**Task item**. Where does "card" occur in the listing? Copy every line that holds it.
==================================================
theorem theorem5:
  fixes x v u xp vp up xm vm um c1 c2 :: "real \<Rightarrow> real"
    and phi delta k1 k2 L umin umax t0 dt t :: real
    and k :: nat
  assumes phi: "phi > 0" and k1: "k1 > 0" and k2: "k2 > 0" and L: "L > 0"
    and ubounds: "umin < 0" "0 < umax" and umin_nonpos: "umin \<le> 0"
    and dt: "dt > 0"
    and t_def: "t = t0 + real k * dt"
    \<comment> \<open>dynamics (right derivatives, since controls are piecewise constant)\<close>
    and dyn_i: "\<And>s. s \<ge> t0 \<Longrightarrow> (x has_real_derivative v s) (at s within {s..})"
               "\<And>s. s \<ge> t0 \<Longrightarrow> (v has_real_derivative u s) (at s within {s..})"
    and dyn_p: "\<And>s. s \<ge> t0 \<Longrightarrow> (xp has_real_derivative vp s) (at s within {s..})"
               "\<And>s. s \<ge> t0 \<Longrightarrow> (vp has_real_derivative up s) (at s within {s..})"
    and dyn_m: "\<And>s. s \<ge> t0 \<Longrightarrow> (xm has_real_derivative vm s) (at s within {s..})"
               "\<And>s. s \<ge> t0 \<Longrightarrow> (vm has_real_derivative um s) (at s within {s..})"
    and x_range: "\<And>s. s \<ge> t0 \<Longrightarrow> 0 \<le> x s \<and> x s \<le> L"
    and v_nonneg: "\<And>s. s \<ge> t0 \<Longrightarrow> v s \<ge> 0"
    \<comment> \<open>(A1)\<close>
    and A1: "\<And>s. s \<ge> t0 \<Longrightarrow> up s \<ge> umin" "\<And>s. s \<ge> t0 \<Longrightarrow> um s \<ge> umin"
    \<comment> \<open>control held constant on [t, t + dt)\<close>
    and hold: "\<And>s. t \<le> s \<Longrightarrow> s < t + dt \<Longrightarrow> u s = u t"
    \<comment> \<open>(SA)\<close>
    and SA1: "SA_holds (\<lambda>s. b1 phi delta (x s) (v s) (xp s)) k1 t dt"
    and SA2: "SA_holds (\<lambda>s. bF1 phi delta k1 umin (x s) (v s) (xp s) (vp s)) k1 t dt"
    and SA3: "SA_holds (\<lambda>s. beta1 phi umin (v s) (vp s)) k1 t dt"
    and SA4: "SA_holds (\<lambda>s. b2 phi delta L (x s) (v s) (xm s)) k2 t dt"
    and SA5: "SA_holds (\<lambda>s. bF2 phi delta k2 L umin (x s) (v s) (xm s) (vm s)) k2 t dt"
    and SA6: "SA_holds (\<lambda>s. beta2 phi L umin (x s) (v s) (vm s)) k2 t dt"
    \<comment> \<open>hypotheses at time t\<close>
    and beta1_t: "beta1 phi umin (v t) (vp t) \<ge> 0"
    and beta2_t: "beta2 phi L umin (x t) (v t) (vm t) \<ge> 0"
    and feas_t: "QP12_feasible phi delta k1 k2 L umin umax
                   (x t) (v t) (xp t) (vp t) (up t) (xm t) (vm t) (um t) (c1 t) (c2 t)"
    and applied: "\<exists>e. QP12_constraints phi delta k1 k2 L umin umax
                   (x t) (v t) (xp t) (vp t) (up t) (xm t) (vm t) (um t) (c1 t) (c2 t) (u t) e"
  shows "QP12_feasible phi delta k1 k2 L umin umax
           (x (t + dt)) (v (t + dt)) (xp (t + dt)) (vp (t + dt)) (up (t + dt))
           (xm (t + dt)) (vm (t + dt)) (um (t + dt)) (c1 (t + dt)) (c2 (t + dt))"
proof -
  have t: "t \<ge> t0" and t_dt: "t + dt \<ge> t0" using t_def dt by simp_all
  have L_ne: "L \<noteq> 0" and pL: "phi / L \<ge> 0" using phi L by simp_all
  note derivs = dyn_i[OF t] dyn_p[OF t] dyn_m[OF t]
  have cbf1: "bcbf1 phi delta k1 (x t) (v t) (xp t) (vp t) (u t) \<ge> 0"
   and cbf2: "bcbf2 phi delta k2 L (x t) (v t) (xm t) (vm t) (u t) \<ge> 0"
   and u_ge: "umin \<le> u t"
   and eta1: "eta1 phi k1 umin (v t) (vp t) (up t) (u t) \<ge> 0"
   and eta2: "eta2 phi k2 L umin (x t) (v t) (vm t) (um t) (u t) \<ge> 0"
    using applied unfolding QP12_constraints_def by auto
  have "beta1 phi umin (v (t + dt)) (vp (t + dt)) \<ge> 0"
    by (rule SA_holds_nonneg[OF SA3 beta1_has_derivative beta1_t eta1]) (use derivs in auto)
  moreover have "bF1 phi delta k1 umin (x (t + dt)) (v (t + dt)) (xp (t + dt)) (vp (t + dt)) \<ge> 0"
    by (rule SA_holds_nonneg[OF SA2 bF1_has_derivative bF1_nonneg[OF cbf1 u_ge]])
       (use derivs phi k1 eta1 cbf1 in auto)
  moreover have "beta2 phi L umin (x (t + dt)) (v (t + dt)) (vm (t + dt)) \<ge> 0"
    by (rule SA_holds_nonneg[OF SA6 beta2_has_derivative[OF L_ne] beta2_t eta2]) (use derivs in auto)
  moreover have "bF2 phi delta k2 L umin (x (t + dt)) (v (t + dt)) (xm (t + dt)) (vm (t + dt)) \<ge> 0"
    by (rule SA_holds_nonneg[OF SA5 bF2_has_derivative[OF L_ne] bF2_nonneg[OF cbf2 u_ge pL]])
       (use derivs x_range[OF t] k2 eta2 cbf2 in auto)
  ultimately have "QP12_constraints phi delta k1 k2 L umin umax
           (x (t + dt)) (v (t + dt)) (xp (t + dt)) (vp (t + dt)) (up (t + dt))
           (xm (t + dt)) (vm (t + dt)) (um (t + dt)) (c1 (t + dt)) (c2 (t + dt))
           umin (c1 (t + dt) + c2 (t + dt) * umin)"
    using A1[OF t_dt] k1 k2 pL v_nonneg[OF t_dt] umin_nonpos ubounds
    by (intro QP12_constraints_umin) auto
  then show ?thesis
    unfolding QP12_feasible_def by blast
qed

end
==================================================
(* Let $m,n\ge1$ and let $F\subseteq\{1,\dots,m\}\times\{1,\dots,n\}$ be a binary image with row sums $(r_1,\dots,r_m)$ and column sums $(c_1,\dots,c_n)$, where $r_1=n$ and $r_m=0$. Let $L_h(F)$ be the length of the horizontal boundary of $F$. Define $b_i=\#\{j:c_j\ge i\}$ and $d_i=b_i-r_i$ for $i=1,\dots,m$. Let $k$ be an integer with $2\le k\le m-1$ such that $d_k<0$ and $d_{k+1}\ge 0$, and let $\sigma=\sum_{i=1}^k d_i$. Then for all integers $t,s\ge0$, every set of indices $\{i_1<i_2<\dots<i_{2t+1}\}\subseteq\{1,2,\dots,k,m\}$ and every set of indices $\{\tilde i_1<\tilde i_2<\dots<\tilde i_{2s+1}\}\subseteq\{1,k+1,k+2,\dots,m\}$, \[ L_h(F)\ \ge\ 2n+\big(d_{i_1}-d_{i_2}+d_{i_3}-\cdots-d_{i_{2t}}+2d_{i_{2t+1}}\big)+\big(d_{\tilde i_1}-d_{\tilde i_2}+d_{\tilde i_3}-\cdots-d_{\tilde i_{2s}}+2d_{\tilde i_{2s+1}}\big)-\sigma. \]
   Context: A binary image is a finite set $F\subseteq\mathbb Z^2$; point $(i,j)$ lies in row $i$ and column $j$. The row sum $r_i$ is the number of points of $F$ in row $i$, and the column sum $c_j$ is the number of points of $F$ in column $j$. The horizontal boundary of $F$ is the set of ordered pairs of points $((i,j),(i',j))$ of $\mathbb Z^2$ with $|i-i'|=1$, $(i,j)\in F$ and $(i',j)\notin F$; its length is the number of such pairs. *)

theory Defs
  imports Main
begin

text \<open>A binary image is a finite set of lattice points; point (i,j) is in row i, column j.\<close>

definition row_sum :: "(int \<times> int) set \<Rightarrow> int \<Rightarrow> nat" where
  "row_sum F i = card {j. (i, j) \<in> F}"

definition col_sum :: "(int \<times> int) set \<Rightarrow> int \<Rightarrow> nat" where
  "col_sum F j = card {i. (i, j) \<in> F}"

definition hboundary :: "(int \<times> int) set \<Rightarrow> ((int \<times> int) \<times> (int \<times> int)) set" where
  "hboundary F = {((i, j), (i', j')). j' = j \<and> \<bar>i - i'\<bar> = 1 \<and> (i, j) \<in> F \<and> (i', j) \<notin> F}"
==================================================
**Result**.
  "row_sum F i = card {j. (i, j) \<in> F}"
  "col_sum F j = card {i. (i, j) \<in> F}"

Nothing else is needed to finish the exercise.